Recentemente foi também anunciada a candidatura ao Campeonato Europeu Universitário de Voleibol em 2021. Qual a motivação desta aposta?

Existe um conjunto de motivações que estão por trás desta candidatura. O voleibol sempre foi uma modalidade acarinhada pelos estudantes da Academia Minhota, como demonstram os excelentes resultados das nossas equipas nas várias competições nacionais e internacionais onde estivemos presentes, ao longo de décadas de prática desportiva. Não obstante, tencionamos trazer para Guimarães uma organização internacional, depois do sucesso do Campeonato Mundial Universitário de Andebol e a passagem do Campeonato Mundial Universitário de Ciclismo neste município. Por último, estamos certos de que esta competição promoverá a consolidação do nosso projeto desportivo na vertente do voleibol, incluindo a relação com os clubes locais, onde muitos dos nossos atletas praticam desporto federado. Se a resposta à nossa candidatura for positiva, estou certo de que este será mais um episódio memorável da nossa já longa história de organizações desportivas.


Relativamente ao Enterro da Gata, concretiza-se a intenção de mudar a sua localização para o Altice Forum Braga?

Essa é uma informação que a AAUMinho se reserva no direito de anunciar à comunidade académica, em momento e local próprio. Até ao momento, não existe um local definido para a organização das Monumentais Festas do Enterro da Gata. A única coisa que posso garantir é que estamos a fazer todos os possíveis para encontrar um espaço e um projeto de implementação que faça jus à dimensão deste evento, garantindo uma convivência saudável do mesmo com a cidade que o recebe. É uma oportunidade de repensar o evento, com a certeza de que é necessário respeitar o legado deste grande evento.


A nível pessoal, onde te imaginas daqui a 10 anos?

Se há algo que não consigo fazer é planear a minha vida para um período tão longo. Acima de tudo, espero ter saúde e ter uma vida que me concretize.
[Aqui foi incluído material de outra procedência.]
(* Let $Y$ be a $\mathbb{Q}$-vector space, let $f:\mathbb{R}\to Y$, let $s\ge 1$ and $\delta>0$, and let $I=(-\delta,0)$. If $\Delta_h^sf(x)=0$ for all $x\in\mathbb{R}$ and all $h\in I$, then $\Delta_{h_1h_2\cdots h_s}f(x)=0$ for all $(x,h_1,\dots,h_s)\in\mathbb{R}^{s+1}$. The same conclusion holds if instead the hypothesis is assumed for all $h\in(0,\delta)$.
   Context: For $f:X\to Y$ between $\mathbb{Q}$-vector spaces and $h\in X$, $\Delta_hf(x)=f(x+h)-f(x)$; iterated differences are $\Delta_{h_1h_2\cdots h_s}f(x)=\Delta_{h_1}\left(\Delta_{h_2\cdots h_s}f\right)(x)$; and $\Delta_h^sf(x)=\sum_{k=0}^s\binom{s}{k}(-1)^{s-k}f(x+kh)$ (i.e. $\Delta_{h_1\cdots h_s}f(x)$ with $h_1=\cdots=h_s=h$). *)

theory Defs
  imports Main "HOL-Analysis.Analysis"
begin

definition fdiff :: "'a::ab_group_add \<Rightarrow> ('a \<Rightarrow> 'b::ab_group_add) \<Rightarrow> 'a \<Rightarrow> 'b" where
  "fdiff h f x = f (x + h) - f x"

fun idiff :: "'a::ab_group_add list \<Rightarrow> ('a \<Rightarrow> 'b::ab_group_add) \<Rightarrow> 'a \<Rightarrow> 'b" where
  "idiff [] f = f"
| "idiff (h # hs) f = fdiff h (idiff hs f)"

definition pdiff :: "(rat \<Rightarrow> 'b \<Rightarrow> 'b::ab_group_add) \<Rightarrow> nat \<Rightarrow> real \<Rightarrow> (real \<Rightarrow> 'b) \<Rightarrow> real \<Rightarrow> 'b" where
  "pdiff sc s h f x =
     (\<Sum>k\<in>{0..s}. sc (of_int ((s choose k) * (-1) ^ (s - k))) (f (x + real k * h)))"

end

theory Submission
  imports Defs
begin

(*
  Since D_(a+b) = D_a + D_b + D_a D_b for the difference operators, the vanishing of all
  differences of order at least n with directions in a set H propagates to directions in the
  additive monoid generated by H. For H = {h} this turns D_h^s f = 0 for h in (0, delta) into
  D_h^s f = 0 for all h >= 0, and D_(-h)^s f (x) = +-D_h^s f (x - s h) covers h < 0.

  To pass from pure powers to mixed differences with directions h_1, ..., h_s, let H be the
  set of these directions and M the monoid it generates. By pigeonhole every difference of
  order |H| s + 1 with directions in H contains some direction s times, hence vanishes. Now
  descend in the order d >= s: if all differences of order d + 1 with directions in M vanish,
  then (k_1, ..., k_d) |-> D_(k_1 ... k_d) f (y) is symmetric and additive in each slot on M,
  so the d-th difference of e |-> D_e^d f (y) in the directions k_i equals
  d! D_(k_1 ... k_d) f (y). The left-hand side is 0, and d! is invertible because Y is a
  vector space over the rationals.
*)

lemma fdiff_commute: "fdiff a (fdiff b f) = fdiff b (fdiff a f)"
  by (rule ext) (simp add: fdiff_def algebra_simps)

lemma idiff_conv_fold: "idiff hs = fold fdiff (rev hs)"
proof -
  have "idiff hs f = fold fdiff (rev hs) f" for f
    by (induction hs) simp_all
  then show ?thesis ..
qed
Nunca fiz planos prévios para chegar a Presidente da AAUMinho, foi algo que aconteceu naturalmente. A curto prazo, espero ser capaz de terminar o meu curso e de colocar em prática muitas das competências que tenho adquirido enquanto Presidente da AAUMinho, e, por isso, espero que, também naturalmente, possa ir escrevendo muitas páginas da minha vida que ainda espero ter oportunidade de fazer: viajar e aprender (muito), construir uma família e, principalmente, manter-me fiel à pessoa que tenho sido e que acredito que me carateriza – ser compreensivo e dedicado, especialmente naquilo em que acredito.


Que mensagem gostarias de deixar aos estudantes e à Academia?

Sou um adepto incondicional de que devemos desejar aos outros aquilo que desejamos a nós próprios e, por isso, deixo a mensagem que deixo a mim próprio, todos os dias. Que nunca nos esqueçamos que existimos porque existem pessoas, sítios e condições que nos permitem existir e, por isso, garantir as condições para que as futuras gerações possam também existir é a maior responsabilidade que podemos ter perante o Mundo e a vida. Utilizem o associativismo, o desporto, a cultura, a participação cívica, a produção científica, o vosso trabalho e a vossa maneira de estar na vida como um constante legado que deixam aos outros. Não assobiem para o lado quando vêm uma injustiça. Não se resignem à condição de “homenzinhos” e “mulherzinhas”. Não fiquem em casa em dia de eleições. Nunca se esqueçam que o direito de existir é também ele um dever. Sejam felizes, a fazer os outros felizes.